オンラインでも有効な高い接客スキルが生む、買い物体験
このようなリテール業界の変化の中で、成長の起爆剤とも言えるDXは今後どうなっていくのか。先に「そう一気に加速すると限らない」と語った今村氏は、「業種、業態によって状況はまったく異なる」と語る。
「かつては家族で出かけるなら百貨店だったのが、Withコロナの生活環境では近所のスーパーになった。社会情勢が変われば小売業の存在価値も変化するのは必然で、業界変革が進む中で各企業も一からビジネスを考え直す必要がある。そして、既にクラウドも普及し、GoogleやAmazonといったプラットフォーマーも存在する。インフラとしてのテクノロジーが進化した環境のもとで考えることになり、自然とデジタルトランスフォーメーションを意識せざるを得ない状況にある」(今村修一郎氏)

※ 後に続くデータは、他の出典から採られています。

lemma pr2_pbr: "pr2 (pbr v w) = lie_br m2 c2 (pr2 v) (pr2 w)"
proof
  fix k
  show "pr2 (pbr v w) k = lie_br m2 c2 (pr2 v) (pr2 w) k"
  proof (cases "k < m2")
    case True
    have "pr2 (pbr v w) k = (\<Sum>i<pdim. \<Sum>j<pdim. v i * w j * pc i j (m1 + k))"
      using True by (simp add: proj2_def lie_br_def)
    also have "\<dots> = (\<Sum>i<m2. \<Sum>j<m2. v (m1 + i) * w (m1 + j) * pc (m1 + i) (m1 + j) (m1 + k))"
      by (rule double_sum_restrict) (use True pc_mid in \<open>auto simp: pdim_eq\<close>)
    also have "\<dots> = lie_br m2 c2 (pr2 v) (pr2 w) k"
      using True by (simp add: lie_br_def proj2_def pc_mid)
    finally show ?thesis .
  qed (simp add: proj2_def lie_br_def is_lie_alg_vanish[OF lie2])
qed

lemma pr3_pbr_eq_0:
  assumes "\<And>i j. v i \<noteq> 0 \<Longrightarrow> w j \<noteq> 0 \<Longrightarrow>
     \<not> ((i < n1 \<and> m1 \<le> j \<and> j < m1 + n2) \<or> (j < n1 \<and> m1 \<le> i \<and> i < m1 + n2))"
  shows "pr3 (pbr v w) = 0"
proof
  fix k
  show "pr3 (pbr v w) k = 0 k"
  proof (cases "m1 + m2 \<le> k")
    case True
    have "v i * w j * pc i j k = 0" for i j
      using assms[of i j] pc_high_nonzero[OF True, of i j] by auto
    then show ?thesis by (simp add: pr3_def lie_br_def del: mult_eq_0_iff)
  qed (simp add: pr3_def)
qed

lemma pbr_gen_coord: "k < n1 \<or> (m1 \<le> k \<and> k < m1 + n2) \<Longrightarrow> pbr y z k = 0"
  by (simp add: lie_br_def pc_gen_coord)

lemma pbr_pr3_left [simp]: "pbr (pr3 v) w = 0"
  by (rule pbr_eq_0) (auto simp: pr3_def pc_high_left split: if_splits)

lemma pbr_pr3_right [simp]: "pbr w (pr3 v) = 0"
  by (rule pbr_eq_0) (auto simp: pr3_def pc_high_right split: if_splits)

lemma inj2_lcs1_support:
  assumes u: "u \<in> lcs m2 c2 1" and i: "inj2 u i \<noteq> 0"
  shows "m1 + n2 \<le> i"
proof -
  have i1: "m1 \<le> i" and "u (i - m1) \<noteq> 0"
    using i by (auto simp: inj2_def split: if_splits)
  moreover have "\<forall>k<n2. u k = 0"
    using u unfolding lcs1_2_eq vecs_between_def by blast
  ultimately have "\<not> i - m1 < n2"
    by blast
  then show ?thesis
    using i1 by linarith
qed

lemma vecs1_support: "x \<in> vecs m1 \<Longrightarrow> x j \<noteq> 0 \<Longrightarrow> j < m1"
  unfolding vecs_def using not_le by blast

lemma pbr_inj2_lcs1_vecs1: "u \<in> lcs m2 c2 1 \<Longrightarrow> x \<in> vecs m1 \<Longrightarrow> pbr (inj2 u) x = 0"
  by (rule pbr_eq_0, rule pc_nongen2_left) (blast dest: inj2_lcs1_support vecs1_support)+

lemma pbr_vecs1: "x \<in> vecs m1 \<Longrightarrow> y \<in> vecs m1 \<Longrightarrow> pbr x y = lie_br m1 c1 x y"
proof -
  assume x: "x \<in> vecs m1" and y: "y \<in> vecs m1"
  have "pr3 (pbr x y) = 0"
    by (rule pr3_pbr_eq_0) (use x y in \<open>auto simp: vecs_def\<close>)
  then show ?thesis
    using vec_decomp[OF pbr_vecs, of x y] pr1_pbr[of x y] pr2_pbr[of x y] x y by simp
qed

lemma pbr_inj2: "w1 \<in> vecs m2 \<Longrightarrow> w2 \<in> vecs m2 \<Longrightarrow> pbr (inj2 w1) (inj2 w2) = inj2 (lie_br m2 c2 w1 w2)"
proof -
  assume w1: "w1 \<in> vecs m2" and w2: "w2 \<in> vecs m2"
  have "pr3 (pbr (inj2 w1) (inj2 w2)) = 0"
    by (rule pr3_pbr_eq_0) (use n1_le_m1 in \<open>auto simp: inj2_def split: if_splits\<close>)
  then show ?thesis
    using vec_decomp[OF pbr_vecs, of "inj2 w1" "inj2 w2"] pr1_pbr[of "inj2 w1" "inj2 w2"]
      pr2_pbr[of "inj2 w1" "inj2 w2"] w1 w2
    by simp
qed

lemma pbr_unitv_inj2_unitv:
  assumes i: "i < n1" and j: "j < n2"
  shows "pbr (unitv i) (inj2 (unitv j)) = unitv (m1 + m2 + i * n2 + j)"
proof
  fix k
  have "i < pdim" "m1 + j < pdim"
    using i j n1_le_m1 n2_le_m2 by (auto simp: pdim_eq)
  then have "pbr (unitv i) (inj2 (unitv j)) k = pc i (m1 + j) k"
    using j n2_le_m2 by (simp add: inj2_unitv lie_br_unitv)
  also have "\<dots> = unitv (m1 + m2 + i * n2 + j) k"
    using i j n1_le_m1 by (auto simp: prod_gen_def unitv_def)
  finally show "pbr (unitv i) (inj2 (unitv j)) k = unitv (m1 + m2 + i * n2 + j) k" .
qed

lemma pbr_left_vecs1:
  assumes v: "v \<in> vecs pdim" and y: "y \<in> vecs m1" and "pr2 v \<in> lcs m2 c2 1"
  shows "pbr v y = lie_br m1 c1 (pr1 v) y"
proof -
  have "pbr v y = pbr (pr1 v + inj2 (pr2 v) + pr3 v) y"
    using vec_decomp[OF v] by simp
  also have "\<dots> = pbr (pr1 v) y"
    using pbr_inj2_lcs1_vecs1[OF assms(3) y] by (simp add: lie_br_add_left)
  finally show ?thesis
    using pbr_vecs1[OF pr1_vecs y] by simp
qed

lemma pbr_right_vecs1:
  assumes v: "v \<in> vecs pdim" and x: "x \<in> vecs m1"
  shows "pbr x v = lie_br m1 c1 x (pr1 v) + pbr x (inj2 (pr2 v))"
proof -
  have "pbr x v = pbr x (pr1 v + inj2 (pr2 v) + pr3 v)"
    using vec_decomp[OF v] by simp
  then show ?thesis
    using pbr_vecs1[OF x pr1_vecs] by (simp add: lie_br_add_right)
qed

lemma pbr_right_inj2:
  assumes v: "v \<in> vecs pdim" and w: "w \<in> vecs m2"
  shows "pbr v (inj2 w) = pbr (pr1 v) (inj2 w) + inj2 (lie_br m2 c2 (pr2 v) w)"
proof -
  have "pbr v (inj2 w) = pbr (pr1 v + inj2 (pr2 v) + pr3 v) (inj2 w)"
    using vec_decomp[OF v] by simp
  then show ?thesis
    using pbr_inj2[OF pr2_vecs w] by (simp add: lie_br_add_left)
qed

lemma pbr_left_inj2_lcs1:
  assumes v: "v \<in> vecs pdim" and u: "u \<in> lcs m2 c2 1"
  shows "pbr (inj2 u) v = inj2 (lie_br m2 c2 u (pr2 v))"
proof -
  have "pbr (inj2 u) v = pbr (inj2 u) (pr1 v + inj2 (pr2 v) + pr3 v)"
    using vec_decomp[OF v] by simp
  also have "\<dots> = pbr (inj2 u) (inj2 (pr2 v))"
    using pbr_inj2_lcs1_vecs1[OF u pr1_vecs] by (simp add: lie_br_add_right)
  finally show ?thesis
    using pbr_inj2[OF lcs1_2_vecs[OF u] pr2_vecs] by simp
qed

text \<open>The Jacobi identity holds componentwise: \<open>pr1\<close> and \<open>pr2\<close> are homomorphisms onto the factors,
  and double brackets have no central component since brackets vanish at the generator coordinates.\<close>

lemma prod_is_lie_alg: "is_lie_alg pdim pc"
  unfolding is_lie_alg_def
proof (intro conjI allI impI ballI)
  show "pc i j k = 0" if "pdim \<le> i \<or> pdim \<le> j \<or> pdim \<le> k" for i j k
    using pc_vanish that by blast
  show "pc i j k = - pc j i k" for i j k
    by (rule pc_antisym)
  fix x y z assume x: "x \<in> vecs pdim" and y: "y \<in> vecs pdim" and z: "z \<in> vecs pdim"
  let ?J = "pbr x (pbr y z) + pbr y (pbr z x) + pbr z (pbr x y)"
  have "pr1 ?J = lie_br m1 c1 (pr1 x) (lie_br m1 c1 (pr1 y) (pr1 z))
      + lie_br m1 c1 (pr1 y) (lie_br m1 c1 (pr1 z) (pr1 x)) + lie_br m1 c1 (pr1 z) (lie_br m1 c1 (pr1 x) (pr1 y))"
    by (simp add: pr1_add pr1_pbr)
  also have "\<dots> = 0"
    by (rule is_lie_alg_jacobi[OF lie1 pr1_vecs pr1_vecs pr1_vecs])
  finally have 1: "pr1 ?J = 0" .
  have "pr2 ?J = lie_br m2 c2 (pr2 x) (lie_br m2 c2 (pr2 y) (pr2 z))
      + lie_br m2 c2 (pr2 y) (lie_br m2 c2 (pr2 z) (pr2 x)) + lie_br m2 c2 (pr2 z) (lie_br m2 c2 (pr2 x) (pr2 y))"
    by (simp add: pr2_add pr2_pbr)
  also have "\<dots> = 0"
    by (rule is_lie_alg_jacobi[OF lie2 pr2_vecs pr2_vecs pr2_vecs])
  finally have 2: "pr2 ?J = 0" .
  have "pr3 (pbr u (pbr v w)) = 0" for u v w
    by (rule pr3_pbr_eq_0) (use pbr_gen_coord in blast)
  then have 3: "pr3 ?J = 0"
    by (simp add: pr3_add)
  have "?J \<in> vecs pdim"
    using pbr_vecs subspace_add[OF subspace_vecs] by metis
  then show "?J = 0"
    using vec_decomp 1 2 3 by fastforce
qed

definition lcs_bound :: "nat \<Rightarrow> (nat \<Rightarrow> complex) set" where
  "lcs_bound k = {v \<in> vecs pdim. pr1 v \<in> lcs m1 c1 k \<and> pr2 v \<in> lcs m2 c2 k
     \<and> (\<forall>j. j < n1 \<or> (m1 \<le> j \<and> j < m1 + n2) \<longrightarrow> v j = 0) \<and> (2 \<le> k \<longrightarrow> pr3 v = 0)}"

lemma subspace_lcs_bound: "is_subspace (lcs_bound k)"
proof (rule is_subspaceI)
  show "0 \<in> lcs_bound k"
    using subspace_zero[OF subspace_lcs] subspace_zero[OF subspace_vecs]
    by (auto simp: lcs_bound_def pr1_def proj2_def pr3_def zero_fun_def)
next
  fix a x y assume "x \<in> lcs_bound k" "y \<in> lcs_bound k"
  then show "(\<lambda>k. a * x k + y k) \<in> lcs_bound k"
    using subspace_lincomb[OF subspace_lcs] subspace_lincomb[OF subspace_vecs]
    by (auto simp: lcs_bound_def pr1_lincomb pr2_lincomb pr3_lincomb zero_fun_def[symmetric])
qed
(* If $\mathcal M'$ is a simple acyclic oriented matroid on a finite set $E$, then there is a total order $<$ of $E$ such that there is a strong map $\mathcal M'\longrightarrow\mathcal M(<)$.
   Context: For a finite set $E$ totally ordered by $<$, $\mathcal M(<)$ is the uniform rank 2 oriented matroid on $E$ whose signed circuits are $(\{e_1,e_3\},\{e_2\})$ and $(\{e_2\},\{e_1,e_3\})$ for $e_1<e_2<e_3$, and whose signed cocircuits are $(\{e':e'<e\},\{e'':e''>e\})$ and its opposite, for $e\in E$. For two oriented matroids $\mathcal M_1,\mathcal M_2$ on the same ground set, a strong map $\mathcal M_1\longrightarrow\mathcal M_2$ exists if every cocircuit of $\mathcal M_2$ is a covector of $\mathcal M_1$ (equivalently, every circuit of $\mathcal M_1$ is a vector of $\mathcal M_2$). *)

theory Defs
  imports Main
begin

text \<open>Signed subsets of a ground set: pairs (X+, X-) of disjoint sets.\<close>
type_synonym 'a signed_set = "'a set \<times> 'a set"

definition supp :: "'a signed_set \<Rightarrow> 'a set" where
  "supp X = fst X \<union> snd X"

definition neg_ss :: "'a signed_set \<Rightarrow> 'a signed_set" where
  "neg_ss X = (snd X, fst X)"

definition comp_ss :: "'a signed_set \<Rightarrow> 'a signed_set \<Rightarrow> 'a signed_set" where
  "comp_ss X Y = (fst X \<union> (fst Y - snd X), snd X \<union> (snd Y - fst X))"

definition oriented_matroid :: "'a set \<Rightarrow> 'a signed_set set \<Rightarrow> bool" where
  "oriented_matroid E \<C> \<longleftrightarrow>
     (\<forall>X\<in>\<C>. fst X \<inter> snd X = {} \<and> supp X \<subseteq> E) \<and>
     (\<forall>X\<in>\<C>. supp X \<noteq> {}) \<and>
     (\<forall>X\<in>\<C>. neg_ss X \<in> \<C>) \<and>
     (\<forall>X\<in>\<C>. \<forall>Y\<in>\<C>. supp X \<subseteq> supp Y \<longrightarrow> X = Y \<or> X = neg_ss Y) \<and>
     (\<forall>X\<in>\<C>. \<forall>Y\<in>\<C>. \<forall>e. X \<noteq> neg_ss Y \<and> e \<in> fst X \<inter> snd Y \<longrightarrow>
        (\<exists>Z\<in>\<C>. fst Z \<subseteq> (fst X \<union> fst Y) - {e} \<and> snd Z \<subseteq> (snd X \<union> snd Y) - {e}))"

text \<open>Simple: no loops (circuits of size 1) and no parallel pairs (circuits of size 2).\<close>
definition simple_om :: "'a signed_set set \<Rightarrow> bool" where
  "simple_om \<C> \<longleftrightarrow> (\<forall>X\<in>\<C>. card (supp X) \<ge> 3)"

definition acyclic_om :: "'a signed_set set \<Rightarrow> bool" where
  "acyclic_om \<C> \<longleftrightarrow> (\<forall>X\<in>\<C>. snd X \<noteq> {})"

inductive_set vectors :: "'a signed_set set \<Rightarrow> 'a signed_set set" for \<C> where
  zero: "({}, {}) \<in> vectors \<C>"
| comp: "X \<in> \<C> \<Longrightarrow> V \<in> vectors \<C> \<Longrightarrow> comp_ss X V \<in> vectors \<C>"

text \<open>Circuits of the rank 2 uniform oriented matroid M(<) on E, for a strict order r.\<close>
definition circuits_M_order :: "'a set \<Rightarrow> ('a \<times> 'a) set \<Rightarrow> 'a signed_set set" where
  "circuits_M_order E r =
     {({e1, e3}, {e2}) | e1 e2 e3. e1 \<in> E \<and> e2 \<in> E \<and> e3 \<in> E \<and> (e1, e2) \<in> r \<and> (e2, e3) \<in> r}
   \<union> {({e2}, {e1, e3}) | e1 e2 e3. e1 \<in> E \<and> e2 \<in> E \<and> e3 \<in> E \<and> (e1, e2) \<in> r \<and> (e2, e3) \<in> r}"

definition strong_map :: "'a signed_set set \<Rightarrow> 'a signed_set set \<Rightarrow> bool" where
  "strong_map \<C>1 \<C>2 \<longleftrightarrow> \<C>1 \<subseteq> vectors \<C>2"

end

theory Submission imports Defs begin

text \<open>Build the order greedily from below, keeping the set I of elements placed so far
cut-compatible: no circuit is positive on I and negative off I. A next element always exists,
by induction on the set of candidates: delete a candidate h and extend by some e for the
deletion; if e fails for the whole matroid, eliminating h between the offending circuit and any
circuit blocking h gives a contradiction, so h itself works. Simplicity excludes the case where
these two circuits are opposite, as their support would lie in {e, h}.

Once all initial segments are cut-compatible, the positive and negative parts of every circuit
(and of its negative) interleave in the order. An interleaving signed set is the composition of
the conformal circuits of M(<) it contains, hence a vector of M(<).\<close>

definition cut_compatible :: "'a signed_set set \<Rightarrow> 'a set \<Rightarrow> bool" where
  "cut_compatible C I \<longleftrightarrow> (\<forall>X\<in>C. \<not> (fst X \<subseteq> I \<and> snd X \<inter> I = {}))"

locale acyclic_simple_circuits =
  fixes C :: "'a signed_set set"
  assumes disjoint: "X \<in> C \<Longrightarrow> fst X \<inter> snd X = {}"
    and elimination: "\<lbrakk>X \<in> C; Y \<in> C; X \<noteq> neg_ss Y; e \<in> fst X \<inter> snd Y\<rbrakk> \<Longrightarrow>
      \<exists>Z\<in>C. fst Z \<subseteq> (fst X \<union> fst Y) - {e} \<and> snd Z \<subseteq> (snd X \<union> snd Y) - {e}"
    and card_supp: "X \<in> C \<Longrightarrow> 3 \<le> card (supp X)"
    and snd_nonempty: "X \<in> C \<Longrightarrow> snd X \<noteq> {}"

lemma acyclic_simple_circuitsI:
  assumes "oriented_matroid E C" "simple_om C" "acyclic_om C"
  shows "acyclic_simple_circuits C"
proof -
  note om = assms(1)[unfolded oriented_matroid_def]
  show ?thesis
  proof
    show "fst X \<inter> snd X = {}" if "X \<in> C" for X
      using om[THEN conjunct1] that by blast
    show "\<exists>Z\<in>C. fst Z \<subseteq> (fst X \<union> fst Y) - {e} \<and> snd Z \<subseteq> (snd X \<union> snd Y) - {e}"
      if "X \<in> C" "Y \<in> C" "X \<noteq> neg_ss Y" "e \<in> fst X \<inter> snd Y" for X Y e
      using om[THEN conjunct2, THEN conjunct2, THEN conjunct2, THEN conjunct2] that by blast
    show "3 \<le> card (supp X)" if "X \<in> C" for X
      using assms(2) that unfolding simple_om_def by blast
    show "snd X \<noteq> {}" if "X \<in> C" for X
      using assms(3) that unfolding acyclic_om_def by blast
  qed
qed

lemma acyclic_simple_circuits_deletion:
  assumes "acyclic_simple_circuits C"
  shows "acyclic_simple_circuits {X \<in> C. h \<notin> supp X}"
proof -
  interpret acyclic_simple_circuits C by fact
  show ?thesis
  proof
    fix X Y e
    assume X: "X \<in> {X \<in> C. h \<notin> supp X}" and Y: "Y \<in> {X \<in> C. h \<notin> supp X}"
      and "X \<noteq> neg_ss Y" "e \<in> fst X \<inter> snd Y"
    then obtain Z where "Z \<in> C" "fst Z \<subseteq> (fst X \<union> fst Y) - {e}" "snd Z \<subseteq> (snd X \<union> snd Y) - {e}"
      using elimination by blast
    moreover from this X Y have "h \<notin> supp Z" by (auto simp: supp_def)
    ultimately show "\<exists>Z\<in>{X \<in> C. h \<notin> supp X}.
        fst Z \<subseteq> (fst X \<union> fst Y) - {e} \<and> snd Z \<subseteq> (snd X \<union> snd Y) - {e}"
      by blast
  qed (simp_all add: disjoint card_supp snd_nonempty)
qed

さらに前述のような「過去のデータ」の価値が減少し、誰もがゼロスタートという立場になれば、新しく登場した事業者がいきなり業界地図を塗り替えていく可能性もある。これまで「オフラインだけでいい」としてきた事業者も、必死にオンライン化を考えるようになるだろう。そうなった時、コロナ禍によって口火が切られる形で小売業のオンライン上での熾烈な争いが始まると考えられる。